As shown in Fig. 6, intercropping could increase the root length, surface area and volume per plant (Fig. 7). Compared with monocropping, intercropping could significantly increase the root length and surface area per plant of the two-year-old P. notoginseng under mild infestation (1 level), (Fig. 7a, b). However, the root volume per P. notoginseng plant was not significantly different between the intercropping and the monoculture systems (Fig. 7d). In addition, there were no significant differences in root diameter per plant among the P. notoginseng plants under different RKN infestation levels between the intercropping and monoculture systems (Fig. 7c).

4.1 RKN infestation decreased the growth and quality of P. notoginseng seedlings

RKN is one of the most economically damaging plant pathogens and causes stunted growth, resulting in quality and yield of in different crop species (Borah et al. 2018; Akram et al. 2019; Singh et al. 2019). In the present study, RKN infestation could significantly decrease the belowground biomass of P. notoginseng seedings, especially large-sized and medium-sized ones, and resulted in a lower root/shoot ratio of P. notoginseng (Table 2).
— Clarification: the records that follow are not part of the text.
lemma fpos_singleton: "fpos {j} j = 0"
  unfolding fpos_def by simp

context
  fixes C :: "('o,'m) opcat"
  assumes oc: "operadic_category C"
begin

lemma operadic_category_is_category: "is_category C"
  using oc by (simp add: operadic_category_def)

lemmas categoryD = is_categoryD[OF operadic_category_is_category]

lemma fibrewise_trivial_Idm:
  assumes "a \<in> Obj C"
  shows "fibrewise_trivial C (Idm C a)"
proof -
  have "\<forall>i<cardO C a. trivial_obj C (fib C (Idm C a) i)"
    using oc assms unfolding operadic_category_def by blast
  then show ?thesis using assms categoryD by (simp add: fibrewise_trivial_def)
qed

lemma rhoC_eq:
  assumes "c \<in> Obj C"
  shows "rhoC C c x = (x, Idm C c, fibres C (Idm C c))"
  using assms categoryD by (simp add: rhoC_def fibres_def)

lemma fibm_typing:
  assumes "phi \<in> Arr C" "psi \<in> Arr C" "Cod C phi = Dom C psi" "i < cardO C (Cod C psi)"
  shows "fibm C phi psi i \<in> Arr C" "Dom C (fibm C phi psi i) = fib C (Comp C psi phi) i"
    "Cod C (fibm C phi psi i) = fib C psi i"
  using oc assms unfolding operadic_category_def by - (elim conjE, blast)+

lemma card_fib:
  assumes "psi \<in> Arr C" "i < cardO C (Cod C psi)"
  shows "cardO C (fib C psi i) = card (fpre C psi i)"
  using oc assms by (simp add: operadic_category_def)

lemma fib_double_slice:
  assumes "phi \<in> Arr C" "psi \<in> Arr C" "Cod C phi = Dom C psi" "j < cardO C (Dom C psi)"
  shows "fib C phi j = fib C (fibm C phi psi (cardM C psi j)) (fpos (fpre C psi (cardM C psi j)) j)"
  using oc assms unfolding operadic_category_def by blast

text \<open>Since the fibre of g over i is trivial, it has a single point j, and the double slice
  condition identifies the fibre of f over j with the fibre over 0 of the induced map of fibres,
  which is its domain, the fibre of g f over i.\<close>
lemma fibre_Comp_fibrewise_trivial:
  assumes f: "fibrewise_trivial C f" and g: "fibrewise_trivial C g"
    and fg: "Cod C f = Dom C g" and i: "i < cardO C (Cod C g)"
  obtains j where "fpre C g i = {j}" "j < cardO C (Cod C f)" "fib C f j = fib C (Comp C g f) i"
proof -
  have fA: "f \<in> Arr C" and gA: "g \<in> Arr C" using f g by (auto simp: fibrewise_trivial_def)
  have triv: "trivial_obj C (fib C g i)" using g i by (simp add: fibrewise_trivial_def)
  have "card (fpre C g i) = 1"
    using card_fib[OF gA i] triv by (simp add: trivial_obj_def)
  then obtain j where j: "fpre C g i = {j}" using card_1_singletonE by blast
  then have jdom: "j < cardO C (Dom C g)" and gj: "cardM C g j = i" by (auto simp: fpre_def)
  have "fib C f j = fib C (fibm C f g i) (fpos (fpre C g i) j)"
    using fib_double_slice[OF fA gA fg jdom] gj by simp
  also have "\<dots> = fib C (fibm C f g i) 0" unfolding j by (simp add: fpos_singleton)
  also have "\<dots> = fib C (Comp C g f) i"
    using triv fibm_typing[OF fA gA fg i] unfolding trivial_obj_def by simp
  finally show ?thesis using that j jdom fg by simp
qed

lemma fibrewise_trivial_Comp:
  assumes f: "fibrewise_trivial C f" and g: "fibrewise_trivial C g" and fg: "Cod C f = Dom C g"
  shows "fibrewise_trivial C (Comp C g f)"
proof -
  have fA: "f \<in> Arr C" and gA: "g \<in> Arr C" using f g by (auto simp: fibrewise_trivial_def)
  have "trivial_obj C (fib C (Comp C g f) i)" if "i < cardO C (Cod C g)" for i
    using fibre_Comp_fibrewise_trivial[OF f g fg that] f by (metis fibrewise_trivial_def)
  then show ?thesis using categoryD(6,8)[OF fA gA fg] by (simp add: fibrewise_trivial_def)
qed

lemma one_lam_assocC_fibrewise_trivial:
  assumes f: "fibrewise_trivial C f" and g: "fibrewise_trivial C g" and fg: "Cod C f = Dom C g"
  shows "one_lam C (assocC C ((x, g, fibres C g), f, fibres C f))
           = (x, Comp C g f, fibres C (Comp C g f))"
proof -
  have fA: "f \<in> Arr C" and gA: "g \<in> Arr C" using f g by (auto simp: fibrewise_trivial_def)
  have cod: "Cod C (Comp C g f) = Cod C g" using categoryD(8)[OF fA gA fg] .
  have "lamU (fibres C g i, fibm C f g i,
          \<lambda>k\<in>{..<cardO C (fib C g i)}. fibres C f (sorted_list_of_set (fpre C g i) ! k))
        = fib C (Comp C g f) i" if i: "i < cardO C (Cod C g)" for i
  proof -
    obtain j where "fpre C g i = {j}" "j < cardO C (Cod C f)" "fib C f j = fib C (Comp C g f) i"
      by (rule fibre_Comp_fibrewise_trivial[OF f g fg i])
    moreover have "cardO C (fib C g i) = 1"
      using g i by (simp add: fibrewise_trivial_def trivial_obj_def)
    ultimately show ?thesis by (simp add: lamU_def fibres_def)
  qed
  then show ?thesis
    unfolding assocC_def one_lam_def using cod by (auto simp: fibres_def intro!: restrict_ext)
qed

lemma presheaf_to_module_action:
  assumes "fibrewise_trivial C phi" "x \<in> F0 (Cod C phi)"
  shows "snd (presheaf_to_module C (F0, F1)) (x, phi, fibres C phi) = F1 phi x"
  using assms categoryD(1)
  by (auto simp: presheaf_to_module_def tensor_unit_iff fibrewise_trivial_def)

lemma is_presheaf_module_to_presheaf:
  assumes M: "is_right_U_module C (X, r)"
  shows "is_presheaf (FwTriv C) (module_to_presheaf C (X, r))"
proof -
  have act: "r (x, f, fibres C f) \<in> X (Dom C f)"
    if "fibrewise_trivial C f" "x \<in> X (Cod C f)" for f x
    using M that categoryD(1)
    by (auto simp: is_right_U_module_def tensor_unit_iff fibrewise_trivial_def)
  have unit: "r (x, Idm C a, fibres C (Idm C a)) = x" if "a \<in> Obj C" "x \<in> X a" for a x
    using M that by (simp add: is_right_U_module_def rhoC_eq)
  have assoc: "r (r (x, g, fibres C g), f, fibres C f) = r (x, Comp C g f, fibres C (Comp C g f))"
    if f: "fibrewise_trivial C f" and g: "fibrewise_trivial C g" and fg: "Cod C f = Dom C g"
      and x: "x \<in> X (Cod C g)" for f g x
  proof -
    let ?e = "((x, g, fibres C g), f, fibres C f)"
    have "?e \<in> tensor C (tensor C X (unitU C)) (unitU C) (Dom C f)"
      using that by (simp add: tensor_unit_iff)
    moreover have "Dom C f \<in> Obj C" using f categoryD(1) by (simp add: fibrewise_trivial_def)
    ultimately have "r (r_one r ?e) = r (one_lam C (assocC C ?e))"
      using M unfolding is_right_U_module_def by blast
    then show ?thesis by (simp add: r_one_def one_lam_assocC_fibrewise_trivial[OF f g fg])
  qed
  show ?thesis
    unfolding is_presheaf_def module_to_presheaf_def FwTriv_def
    using M act unit assoc fibrewise_trivial_Idm fibrewise_trivial_Comp categoryD
    by (auto simp: is_right_U_module_def fibrewise_trivial_def)
qed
In P. notoginseng production, farmers mainly use the taproots of P. notoginseng seedlings for transplanting, so these results indicated that RKN infection could affect the quality of P. notoginseng seedlings. Many previous studies reported that RKN infection causes great damage in different species, such as tomato, carrot, pepper, potato, and patchouli, resulting in poor growth and decreasing the quality and yield of the crops (Borah et al. 2018; Kepenekci et al. 2018; Singh et al. 2019). Upon further analysis, we found that RKN infestation could significantly reduce the accumulation of saponins in the roots of P. notoginseng seedlings but showed no effect on saponin concentration (Fig. 3; Fig. S2), indicating that the decrease in the synthesis of saponins was due to the reduction in biomass. Patchouli plant damage by RKNs mostly causes low oil yields and reduced essential oil quality (Pandey et al. 2009). Similarly, RKN causes a reduction in the yield, quality, and quantity of sweet potato tubers (Dinh et al. 2015; Mutala’ liah et al. 2019; Wendimu 2021).
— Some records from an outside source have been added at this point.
lemma poly_deg_le_on_cong:
  "poly_deg_le_on S d f \<Longrightarrow> (\<And>j. j \<in> S \<Longrightarrow> f j = g j) \<Longrightarrow> poly_deg_le_on S d g"
  unfolding poly_deg_le_on_def by auto

lemma poly_deg_le_on_mono: "poly_deg_le_on S d f \<Longrightarrow> d \<le> d' \<Longrightarrow> poly_deg_le_on S d' f"
  unfolding poly_deg_le_on_def by (blast intro: order.trans)

lemma poly_deg_le_on_add:
  assumes "poly_deg_le_on S d f" and "poly_deg_le_on S d g"
  shows "poly_deg_le_on S d (\<lambda>j. f j + g j)"
proof -
  obtain \<alpha> \<beta> where \<alpha>: "\<alpha> = 0 \<or> int (degree \<alpha>) \<le> d" "\<forall>j\<in>S. f j = poly \<alpha> (of_nat j)"
    and \<beta>: "\<beta> = 0 \<or> int (degree \<beta>) \<le> d" "\<forall>j\<in>S. g j = poly \<beta> (of_nat j)"
    using assms unfolding poly_deg_le_on_def by blast
  have "\<alpha> + \<beta> = 0 \<or> int (degree (\<alpha> + \<beta>)) \<le> d"
    using \<alpha>(1) \<beta>(1) degree_add_le_max[of \<alpha> \<beta>] by auto
  with \<alpha>(2) \<beta>(2) show ?thesis
    unfolding poly_deg_le_on_def by (intro exI[of _ "\<alpha> + \<beta>"]) simp
qed

lemma poly_deg_le_on_mult:
  assumes "poly_deg_le_on S d f" and "poly_deg_le_on S d' g"
  shows "poly_deg_le_on S (d + d') (\<lambda>j. f j * g j)"
proof -
  obtain \<alpha> \<beta> where \<alpha>: "\<alpha> = 0 \<or> int (degree \<alpha>) \<le> d" "\<forall>j\<in>S. f j = poly \<alpha> (of_nat j)"
    and \<beta>: "\<beta> = 0 \<or> int (degree \<beta>) \<le> d'" "\<forall>j\<in>S. g j = poly \<beta> (of_nat j)"
    using assms unfolding poly_deg_le_on_def by blast
  have "\<alpha> * \<beta> = 0 \<or> int (degree (\<alpha> * \<beta>)) \<le> d + d'"
    using \<alpha>(1) \<beta>(1) degree_mult_le[of \<alpha> \<beta>] by auto
  with \<alpha>(2) \<beta>(2) show ?thesis
    unfolding poly_deg_le_on_def by (intro exI[of _ "\<alpha> * \<beta>"]) simp
qed

lemma poly_deg_le_on_scale: "poly_deg_le_on S d f \<Longrightarrow> poly_deg_le_on S d (\<lambda>j. c * f j)"
  using poly_deg_le_on_mult[OF poly_deg_le_on_const[of 0 S c]] by simp

lemma poly_deg_le_on_diff:
  "poly_deg_le_on S d f \<Longrightarrow> poly_deg_le_on S d g \<Longrightarrow> poly_deg_le_on S d (\<lambda>j. f j - g j)"
  using poly_deg_le_on_add[of S d f "\<lambda>j. - 1 * g j"] poly_deg_le_on_scale[of S d g "- 1"] by simp

lemma poly_deg_le_on_sum:
  "finite A \<Longrightarrow> (\<And>i. i \<in> A \<Longrightarrow> poly_deg_le_on S d (f i)) \<Longrightarrow>
     poly_deg_le_on S d (\<lambda>j. \<Sum>i\<in>A. f i j)"
  by (induction A rule: finite_induct) (auto intro: poly_deg_le_on_zero poly_deg_le_on_add)

lemma poly_deg_le_on_compose_linear:
  assumes "poly_deg_le_on UNIV d f" and "\<And>j. j \<in> S \<Longrightarrow> int (h j) = u * int j + v"
  shows "poly_deg_le_on S d (\<lambda>j. f (h j))"
proof -
  obtain \<alpha> where \<alpha>: "\<alpha> = 0 \<or> int (degree \<alpha>) \<le> d" "\<And>L. f L = poly \<alpha> (of_nat L)"
    using assms(1) unfolding poly_deg_le_on_def by blast
  define \<beta> :: "'a poly" where "\<beta> = [:of_int v, of_int u:]"
  have "pcompose \<alpha> \<beta> = 0 \<or> int (degree (pcompose \<alpha> \<beta>)) \<le> d"
    using \<alpha>(1) by (auto simp: \<beta>_def degree_pcompose degree_pCons_eq_if)
  moreover have "f (h j) = poly (pcompose \<alpha> \<beta>) (of_nat j)" if "j \<in> S" for j
  proof -
    have "(of_nat (h j) :: 'a) = of_int (int (h j))" by simp
    also have "\<dots> = poly \<beta> (of_nat j)" using assms(2)[OF that] by (simp add: \<beta>_def algebra_simps)
    finally show ?thesis by (simp add: \<alpha>(2) poly_pcompose)
  qed
  ultimately show ?thesis
    unfolding poly_deg_le_on_def by blast
qed

lemma of_nat_power_Suc_eq_sum_power_sums:
  "(of_nat L :: 'a::comm_ring_1) ^ Suc k = (\<Sum>r\<le>k. of_nat (Suc k choose r) * (\<Sum>i<L. of_nat i ^ r))"
proof -
  have "(of_nat L :: 'a) ^ Suc k = (\<Sum>i<L. of_nat (Suc i) ^ Suc k - of_nat i ^ Suc k)"
    using sum_lessThan_telescope[of "\<lambda>i. (of_nat i :: 'a) ^ Suc k" L] by simp
  also have "\<dots> = (\<Sum>i<L. \<Sum>r\<le>k. of_nat (Suc k choose r) * of_nat i ^ r)"
  proof (rule sum.cong[OF refl])
    fix i
    have "(of_nat (Suc i) :: 'a) ^ Suc k = (\<Sum>r\<le>Suc k. of_nat (Suc k choose r) * of_nat i ^ r)"
      using binomial_ring[of "of_nat i :: 'a" 1 "Suc k"] by (simp add: add.commute)
    then show "(of_nat (Suc i) :: 'a) ^ Suc k - of_nat i ^ Suc k
        = (\<Sum>r\<le>k. of_nat (Suc k choose r) * of_nat i ^ r)"
      by (simp add: sum.atMost_Suc)
  qed
  also have "\<dots> = (\<Sum>r\<le>k. of_nat (Suc k choose r) * (\<Sum>i<L. of_nat i ^ r))"
    by (subst sum.swap) (simp add: sum_distrib_left)
  finally show ?thesis .
qed

lemma poly_deg_le_on_power_sum:
  "poly_deg_le_on UNIV (int k + 1) (\<lambda>L. \<Sum>i<L. (of_nat i :: 'a::field_char_0) ^ k)"
proof (induction k rule: less_induct)
  case (less k)
  define S where "S = (\<lambda>r L. \<Sum>i<L. (of_nat i :: 'a) ^ r)"
  have "S k L = (1 / of_nat (Suc k)) * (of_nat L ^ Suc k - (\<Sum>r<k. of_nat (Suc k choose r) * S r L))"
    for L
  proof -
    have "(of_nat L :: 'a) ^ Suc k
        = (\<Sum>r<k. of_nat (Suc k choose r) * S r L) + of_nat (Suc k) * S k L"
      unfolding of_nat_power_Suc_eq_sum_power_sums S_def
      by (simp add: lessThan_Suc_atMost[symmetric])
    moreover have "(of_nat (Suc k) :: 'a) \<noteq> 0"
      by (rule of_nat_neq_0)
    ultimately show ?thesis
      by (simp add: field_simps del: of_nat_Suc)
  qed
  moreover have "poly_deg_le_on UNIV (int k + 1)
      (\<lambda>L. (1 / of_nat (Suc k)) * (of_nat L ^ Suc k - (\<Sum>r<k. of_nat (Suc k choose r) * S r L)))"
  proof (rule poly_deg_le_on_scale, intro poly_deg_le_on_diff poly_deg_le_on_sum finite_lessThan)
    show "poly_deg_le_on UNIV (int k + 1) (\<lambda>L. of_nat L ^ Suc k :: 'a)"
      using poly_deg_le_on_power[of UNIV "Suc k"] by (simp add: add.commute)
    show "poly_deg_le_on UNIV (int k + 1) (\<lambda>L. of_nat (Suc k choose r) * S r L)"
      if "r \<in> {..<k}" for r
    proof (rule poly_deg_le_on_scale, rule poly_deg_le_on_mono)
      show "poly_deg_le_on UNIV (int r + 1) (S r)"
        using that less by (simp add: S_def)
    qed (use that in simp)
  qed
  ultimately show ?case
    unfolding S_def by simp
qed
RKN infestation influences the nutrient uptake of plants (Khan et al. 2016, 2018; Tiwari et al. 2021). In the present study, RKN infestation had no effects on the nutrient uptake in the aboveground parts of P. notoginseng seedlings, but infestation could suppress the P and K uptake in the roots, especially in the roots of large-sized P. notoginseng seedlings (Fig. 2). Many previous studies have reported that the absorption capacity of the roots is generally impaired due to the formation of galls caused by Meloidogyne spp., which results in plants failing to acquire nutrients present in the soil, as evidenced by the 18–28% lower N, P, and K contents of nematode-infected plants (Wilcox-Lee and Lorea 1987; Khan et al. 2016, 2018). Previous research also reported that infestation by parasitic nematodes causes a drastic reduction in herb and oil yields by influencing host nutrient contents and eventually affects the growth of plants (Melakeberhan et al. 1984; Tiwari et al. 2021). In conclusion, RKN infestation could significantly inhibit the belowground growth and nutrient and saponin accumulation, resulting in a decrease in the quality of P. notoginseng seedlings.

4.2 APR of P. notoginseng and planting within forests could effectively reduce nematode damage

In recent years, APR has been observed in many kinds of plants resistant to various diseases, and the disease index is a good indicator of the degree of APR in the field (Wang et al. 2005; Hao et al. 2007). In our research, with increasing levels of RKN disease of seedlings, the disease index of the two-year-old P. notoginseng significantly increased, whereas the survival rate significantly decreased (Fig. 4a, c), which may be closely related to the severe drought in the experimental area. Previous research also indicated that RKN infestation could reduce the resistance to environmental stresses of infested plants (Braun-Kiewnick et al. 2016; Kepenekci et al. 2018). Therefore, RKN infestation could reduce the adaptability of sanqi to extreme environmental conditions, resulting in a decrease in the survival rate of P. notoginseng. In addition, notably, the incidence of RKN disease of slightly infected P. notoginseng (1 level) decreased from 100–76% in the following year (Fig. 4b). These results indicated that P. notoginseng could better resist the damage of nematodes in the adult stage, which could also better explain the phenomenon that P. notoginseng seedlings were often severely damaged by nematodes, while the two- or three-year-old P. notoginseng were slightly damaged by nematodes in the field (Wang et al. 2021).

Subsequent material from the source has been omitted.